Tribunal Administratif de Nantes — Décision N° TA44-2510289

mercredi 18 juin 2025

JuridictionTribunal Administratif de Nantes
SectionTribunal Administratif de Nantes
N° DossierTA44-2510289
TypeOrdonnance
RecoursExcès de pouvoir

Résumé IA

Le Tribunal Administratif de Nantes, statuant en référé, a rejeté les demandes de suspension des décisions implicites de la commission de recours contre les refus de visa, qui avaient confirmé le refus de délivrance de visas de long séjour au titre de la réunification familiale pour M. A et l’enfant Talal A. Le juge a estimé que la condition d’urgence n’était pas établie, car la séparation familiale invoquée résultait du choix des requérants de laisser M. A et l’enfant au Liban lors de leur départ pour la France en mai 2025, et que les précédentes ordonnances de référé avaient déjà rejeté des demandes similaires pour défaut d’urgence. La solution retenue est fondée sur l’article L. 521-1 du code de justice administrative, sans qu’il soit nécessaire d’examiner l’existence d’un doute sérieux sur la légalité des décisions.

Texte intégral

Vu la procédure suivante :

I. Par une requête enregistrée sous le n° 2510288 le 13 juin 2025, Mme B C, représentée par Me Michel, demande au juge des référés sur le fondement des dispositions de l'article L. 521-1 du code de justice administrative :

1°) de suspendre l'exécution de la décision implicite par laquelle la commission de recours contre les décisions de refus de visa d'entrée en France a rejeté son recours contre la décision du 20 décembre 2024 des autorités consulaires françaises à Beyrouth (Liban) refusant de délivrer un visa de long séjour au titre de la réunification familiale à l'enfant Talal A ;

2°) d'enjoindre au réexamen de la demande de visa dans un délai de sept jours à compter de la notification de la décision à intervenir sous astreinte de 100 euros par jour de retard ;

3°) de mettre à la charge de l'Etat la somme de 2 000 euros au titre de l'article L. 761-1 du code de justice administrative.

Elle soutient que :

- la condition d'urgence est satisfaite en ce que la famille est séparée, elle-même et ses deux filles sont arrivées en France le 5 mai 2025 auprès de leur enfant vivant en France depuis deux ans, mais en laissant au Liban son époux et l'enfant Talal A qu'elle a eu avec lui ; cette situation porte atteinte à leur droit à une vie privée et familiale normale et à l'intérêt supérieur des enfants, l'enfant subissant un grave traumatisme psychologique en étant séparée d'elle ;

- il existe un doute sérieux quant à la légalité de la décision attaquée.
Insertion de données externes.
(* Let $\{X_1,X_2,\dots\}$ be a random dense countable subset of $(0,1)$. Suppose that on the same probability space there are random variables $Y_1,Y_2,\dots$ with values in $(0,1)$ such that: - $\{Y_1,Y_2,\dots\}=\{X_1,X_2,\dots\}$ a.s.; - $Y_{2k-1}<\tfrac12$ and $Y_{2k}\ge\tfrac12$ a.s. for all $k$; - the sequence $(Y_2,Y_4,\dots)$ is independent of $(Y_1,Y_3,\dots)$. Suppose moreover that $\Pr(X_1<\tfrac12)>0$. Then for almost all $x_1\in(0,\tfrac12)$ with respect to the distribution of $X_1$, the conditional joint distribution of $(Y_2,Y_4,\dots)$ given $X_1=x_1$ is absolutely continuous with respect to the unconditional joint distribution of $(Y_2,Y_4,\dots)$.
   Context: A random dense countable subset of $(0,1)$ is given by random variables $X_1,X_2,\dots:\Omega\to(0,1)$ such that $\{X_1(\omega),X_2(\omega),\dots\}$ is dense in $(0,1)$ for a.e. $\omega$. *)

theory Defs
  imports "HOL-Probability.Probability"
begin

abbreviation seq_space :: "(nat \<Rightarrow> real) measure" where
  "seq_space \<equiv> Pi\<^sub>M UNIV (\<lambda>_. borel)"

text \<open>K is a (regular) version of the conditional distribution of Z given X = x
  under M: a probability kernel from borel to N such that
  P(X \<in> A, Z \<in> B) = integral over A of K x B with respect to the law of X.\<close>
definition cond_distr_kernel ::
  "'a measure \<Rightarrow> ('a \<Rightarrow> real) \<Rightarrow> 'b measure \<Rightarrow> ('a \<Rightarrow> 'b) \<Rightarrow> (real \<Rightarrow> 'b measure) \<Rightarrow> bool" where
  "cond_distr_kernel M X N Z K \<longleftrightarrow>
     K \<in> borel \<rightarrow>\<^sub>M prob_algebra N \<and>
     (\<forall>A \<in> sets borel. \<forall>B \<in> sets N.
        emeasure M {\<omega> \<in> space M. X \<omega> \<in> A \<and> Z \<omega> \<in> B}
          = (\<integral>\<^sup>+ x. indicator A x * emeasure (K x) B \<partial>(distr M borel X)))"

end

theory Submission
  imports Defs
begin

text \<open>
  Write W for the sequence of odd-indexed terms Y (2 k + 1). On the event X 0 < 1/2 the point
  X 0 is one of the even-indexed terms Y (2 j), because the odd-indexed ones are at least 1/2.
  By independence each pair (Y (2 j), W) has the product law of Y (2 j) and W, so the joint law
  of (X 0, W) on that event is absolutely continuous with respect to \<mu> \<otimes> law W, where \<mu> is a
  probability measure dominating the laws of all Y (2 j) (a geometric mixture of them).
  Let f be the Radon-Nikodym density and F x the integral of f (x, -) against law W. The
  disintegration identity gives F x \<cdot> K x = f (x, -) \<cdot> law W on each set of a countable
  \<inter>-stable generator for almost every x, hence as measures; so K x is absolutely continuous
  with respect to law W wherever 0 < F x < \<infinity>, which holds for almost every x in the event.
\<close>

lemma countable_Int_stable_generator_borel:
  obtains G :: "'a::second_countable_topology set set"
  where "countable G" "Int_stable G" "UNIV \<in> G" "sets borel = sigma_sets UNIV G"
proof -
  obtain B :: "'a set set" where B: "countable B" "topological_basis B"
    using ex_countable_basis by blast
  define G where "G = Inter ` {F. finite F \<and> F \<subseteq> B}"
  have "countable G"
    unfolding G_def by (intro countable_image countable_Collect_finite_subset B)
  moreover have "Int_stable G"
    unfolding Int_stable_def G_def
  proof safe
    fix F F' assume "F \<subseteq> B" "finite F" "F' \<subseteq> B" "finite F'"
    then show "\<Inter>F \<inter> \<Inter>F' \<in> Inter ` {F. finite F \<and> F \<subseteq> B}"
      by (intro image_eqI[of _ _ "F \<union> F'"]) auto
  qed
  moreover have "UNIV \<in> G"
    unfolding G_def by (intro image_eqI[of _ _ "{}"]) auto
  moreover have "sets borel = sigma_sets UNIV G"
  proof
    have "G \<subseteq> sets borel"
      using topological_basis_open[OF B(2)] by (auto simp: G_def intro!: borel_open)
    then show "sigma_sets UNIV G \<subseteq> sets borel"
      by (metis sets.sigma_sets_subset space_borel)
    have "B \<subseteq> G" unfolding G_def by (auto intro!: image_eqI[of _ _ "{_}"])
    then show "sets borel \<subseteq> sigma_sets UNIV G"
      unfolding borel_eq_countable_basis[OF B] by (simp add: sigma_sets_mono')
  qed
  ultimately show ?thesis by (rule that)
qed
text \<open>Parents precede children, so ancestors have smaller indices; in particular the root
  occurrence 0 is its own only ancestor.\<close>
lemma ancestor_le:
  assumes "search_tree E s ts T \<sigma>" shows "ancestor T i j \<Longrightarrow> i \<le> j"
  by (induction rule: ancestor.induct) (auto dest: search_tree_parentD[OF assms])

lemma ancestor_append: "ancestor T i j \<Longrightarrow> ancestor (T @ [x]) i j"
proof (induction rule: ancestor.induct)
  case (refl j)
  then show ?case by (rule ancestor.refl)
next
  case (parent j p e i)
  then show ?case by (intro ancestor.parent[of j _ p e]) (auto simp: nth_append)
qed

lemma ancestor_of_parent: "ancestor T i j \<Longrightarrow> occ_parent (T!j) = Some (p,e) \<Longrightarrow> i = j \<or> ancestor T i p"
  by (induction rule: ancestor.induct) auto

definition dfs_inv :: "'v tedge set \<Rightarrow> 'v \<Rightarrow> real \<Rightarrow> 'v dfs_state \<Rightarrow> bool" where
  "dfs_inv E s ts S \<longleftrightarrow> search_tree E s ts (d_occ S) (d_sig S) \<and> d_cur S < length (d_occ S) \<and>
     (\<forall>e\<in>d_trav S. sig_le (d_sig S (dst e)) (tm e)) \<and>
     (\<forall>i<length (d_occ S). ancestor (d_occ S) i (d_cur S) \<or> closed_occ E (d_sig S) (d_occ S) i)"

lemma dfs_inv_init: "dfs_inv E s ts (dfs_init s ts)"
  by (auto simp: dfs_inv_def dfs_init_def search_tree_def occ_parent_def occ_vertex_def
      occ_time_def sig_le_def intro: ancestor.refl)

lemma dfs_avail_empty_closed:
  assumes "dfs_avail E S = {}" "\<forall>e\<in>d_trav S. sig_le (d_sig S (dst e)) (tm e)"
  shows "closed_occ E (d_sig S) (d_occ S) (d_cur S)"
  using assms unfolding closed_occ_def dfs_avail_def by blast

text \<open>Backtracking: the occurrence left behind is closed, so the invariant survives the
  shortening of the current root path.\<close>
lemma dfs_inv_backtrack:
  assumes inv: "dfs_inv E s ts S" and av: "dfs_avail E S = {}"
    and par: "occ_parent (d_occ S ! d_cur S) = Some (p, e0)"
  shows "dfs_inv E s ts (S\<lparr>d_cur := p\<rparr>)"
proof -
  have "p < d_cur S" using inv search_tree_parentD[OF _ _ par] by (auto simp: dfs_inv_def)
  moreover have "closed_occ E (d_sig S) (d_occ S) (d_cur S)"
    using dfs_avail_empty_closed[OF av] inv by (simp add: dfs_inv_def)
  ultimately show ?thesis using inv ancestor_of_parent[OF _ par] by (auto simp: dfs_inv_def)
qed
II. Par une requête enregistrée sous le n° 2510289 le 13 juin 2025, M. D A, représenté par Me Michel, demande au juge des référés sur le fondement des dispositions de l'article L. 521-1 du code de justice administrative :

1°) de suspendre l'exécution de la décision implicite par laquelle la commission de recours contre les décisions de refus de visa d'entrée en France a rejeté son recours contre la décision du 20 décembre 2024 des autorités consulaires françaises à Beyrouth (Liban) refusant de lui délivrer un visa de long séjour au titre de la réunification familiale ;

2°) d'enjoindre au réexamen de la demande de visa dans un délai de sept jours à compter de la notification de la décision à intervenir sous astreinte de 100 euros par jour de retard ;

3°) de mettre à la charge de l'Etat la somme de 2 000 euros au titre de l'article L. 761-1 du code de justice administrative.

Il soutient que :

- la condition d'urgence est satisfaite en ce que la famille est séparée, son épouse et les deux filles sont arrivées en France le 5 mai 2025 auprès l'un de leur enfant y résidant depuis deux ans, alors que lui-même et l'enfant de leur couple restent au Liban ; cette situation porte atteinte à leur droit à une vie privée et familiale normale et à l'intérêt supérieur des enfants, l'enfant subissant un grave traumatisme psychologique en étant séparée de sa mère ;

- il existe un doute sérieux quant à la légalité de la décision attaquée.

Vu :

- les autres pièces du dossier ;

- l'ordonnance n° 2506942 2506953 du 23 avril 2025 ;

- l'ordonnance n° 2508192 2508193 du 22 mai 2025.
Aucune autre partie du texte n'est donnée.